:: EXERCISE DESCRIPTION ::
Of the lines in the data below, write out exactly those from the one holding "set \<Rightarrow> 'a" through the one holding "fix y assume", both included.

■ ■ ■ ■

lemma h_ab_eq_cube_prod:
  assumes "J \<subseteq> {1..m}" "ab \<in> N_set J"
  shows "h_ab m g (fst ab) (snd ab) x = cube_prod J ab (\<lambda>j. g j x)"
proof -
  have "fst ab j = 0" "snd ab j = 0" if "j \<notin> J" for j
    using assms(2) that by (auto simp: N_set_def supp_idx_def)
  then show ?thesis
    unfolding h_ab_def cube_prod_def using assms(1) by (intro prod.mono_neutral_right) auto
qed

theorem local_Handelman:
  assumes "J \<subseteq> {1..m}" "\<forall>j\<in>J. g j \<in> poly_in I" "poly_in I \<subseteq> alg_gen (g ` J)"
    and "f \<in> poly_in I" "\<forall>x\<in>K_loc I J g. 0 < f x"
  shows "\<exists>c. h_repr m g J c f"
proof -
  have "finite J"
    using assms(1) by (rule finite_subset) simp
  then obtain F where F: "F \<in> poly_in J" "\<forall>x. f x = F (\<lambda>j. g j x)" "\<forall>y\<in>unit_cube J. 0 < F y"
    using poly_in_lift_pos_on_unit_cube[OF _ assms(2-5)] by blast
  then have "handelman_repr J F"
    using unit_cube_Handelman[OF \<open>finite J\<close>] by blast
  then obtain S c where S: "finite S" "S \<subseteq> N_set J" "\<forall>ab\<in>S. 0 < c ab"
    and F_eq: "\<forall>y. F y = (\<Sum>ab\<in>S. c ab * cube_prod J ab y)"
    unfolding handelman_repr_def by blast
  have "f = (\<lambda>x. \<Sum>ab\<in>S. c ab * h_ab m g (fst ab) (snd ab) x)"
  proof
    fix x
    have "f x = (\<Sum>ab\<in>S. c ab * cube_prod J ab (\<lambda>j. g j x))"
      using F(2) F_eq by simp
    also have "\<dots> = (\<Sum>ab\<in>S. c ab * h_ab m g (fst ab) (snd ab) x)"
      using S(2) h_ab_eq_cube_prod[OF assms(1)] by (intro sum.cong refl) auto
    finally show "f x = (\<Sum>ab\<in>S. c ab * h_ab m g (fst ab) (snd ab) x)" .
  qed
  with S show ?thesis
    unfolding h_repr_def by blast
qed

section \<open>Separating two cliques by a polynomial in their common variables\<close>

lemma finite_cover_continuous_selection:
  fixes Y :: "'a::metric_space set" and T :: "'a \<Rightarrow> real set"
  assumes "finite Y0" "Y \<subseteq> (\<Union>y\<in>Y0. V y)" "\<And>y. y \<in> Y0 \<Longrightarrow> open (V y)"
    and convex: "\<And>y. y \<in> Y \<Longrightarrow> convex (T y)"
    and t: "\<And>y y'. y \<in> Y0 \<Longrightarrow> y' \<in> Y \<inter> V y \<Longrightarrow> t y \<in> T y'"
  obtains \<phi> where "continuous_on Y \<phi>" "\<And>y. y \<in> Y \<Longrightarrow> \<phi> y \<in> T y"
proof -
  define \<C> where "\<C> = V ` Y0"
  define tC where "tC U = t (SOME y. y \<in> Y0 \<and> V y = U)" for U
  have tC: "tC U \<in> T y" if "U \<in> \<C>" "y \<in> Y" "y \<in> U" for U y
  proof -
    have "\<exists>y. y \<in> Y0 \<and> V y = U"
      using that(1) by (auto simp: \<C>_def)
    then show ?thesis
      using someI_ex[of "\<lambda>y. y \<in> Y0 \<and> V y = U"] t that(2,3) unfolding tC_def by blast
  qed
  have "finite \<C>"
    using assms(1) by (simp add: \<C>_def)
  have cover: "Y \<subseteq> \<Union>\<C>" and opn: "\<And>U. U \<in> \<C> \<Longrightarrow> open U"
    using assms(2,3) by (auto simp: \<C>_def)
  have fin: "\<exists>W. open W \<and> y \<in> W \<and> finite {U \<in> \<C>. U \<inter> W \<noteq> {}}" for y
    using finite_subset[OF _ \<open>finite \<C>\<close>, of "{U \<in> \<C>. U \<inter> UNIV \<noteq> {}}"] by blast
  obtain F :: "'a set \<Rightarrow> 'a \<Rightarrow> real"
    where F_cont: "\<And>U. U \<in> \<C> \<Longrightarrow> continuous_on Y (F U) \<and> (\<forall>y\<in>Y. 0 \<le> F U y)"
      and F_supp: "\<And>y U. \<lbrakk>U \<in> \<C>; y \<in> Y; y \<notin> U\<rbrakk> \<Longrightarrow> F U y = 0"
      and F_sum: "\<And>y. y \<in> Y \<Longrightarrow> supp_sum (\<lambda>U. F U y) \<C> = 1"
    by (rule subordinate_partition_of_unity[OF cover opn fin]) auto
  have supp_sum_eq: "supp_sum f \<C> = sum f \<C>" for f :: "'a set \<Rightarrow> real"
    unfolding supp_sum_def using \<open>finite \<C>\<close> by (intro sum.mono_neutral_left) (auto simp: support_on_def)
  show ?thesis
  proof (rule that)
    show "continuous_on Y (\<lambda>y. \<Sum>U\<in>\<C>. F U y * tC U)"
      using F_cont by (intro continuous_intros) auto
    fix y assume "y \<in> Y"
    have "0 \<le> F U y \<and> (F U y = 0 \<or> tC U \<in> T y)" if "U \<in> \<C>" for U
      using F_cont F_supp tC that \<open>y \<in> Y\<close> by blast
    then have "supp_sum (\<lambda>U. F U y *\<^sub>R tC U) \<C> \<in> T y"
      using convex \<open>y \<in> Y\<close> F_sum by (intro convex_supp_sum) auto
    then show "(\<Sum>U\<in>\<C>. F U y * tC U) \<in> T y"
      by (simp add: supp_sum_eq)
  qed
qed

■ ■ ■ ■

:: ANSWER BOX ::
  obtain F :: "'a set \<Rightarrow> 'a \<Rightarrow> real"
    where F_cont: "\<And>U. U \<in> \<C> \<Longrightarrow> continuous_on Y (F U) \<and> (\<forall>y\<in>Y. 0 \<le> F U y)"
      and F_supp: "\<And>y U. \<lbrakk>U \<in> \<C>; y \<in> Y; y \<notin> U\<rbrakk> \<Longrightarrow> F U y = 0"
      and F_sum: "\<And>y. y \<in> Y \<Longrightarrow> supp_sum (\<lambda>U. F U y) \<C> = 1"
    by (rule subordinate_partition_of_unity[OF cover opn fin]) auto
  have supp_sum_eq: "supp_sum f \<C> = sum f \<C>" for f :: "'a set \<Rightarrow> real"
    unfolding supp_sum_def using \<open>finite \<C>\<close> by (intro sum.mono_neutral_left) (auto simp: support_on_def)
  show ?thesis
  proof (rule that)
    show "continuous_on Y (\<lambda>y. \<Sum>U\<in>\<C>. F U y * tC U)"
      using F_cont by (intro continuous_intros) auto
    fix y assume "y \<in> Y"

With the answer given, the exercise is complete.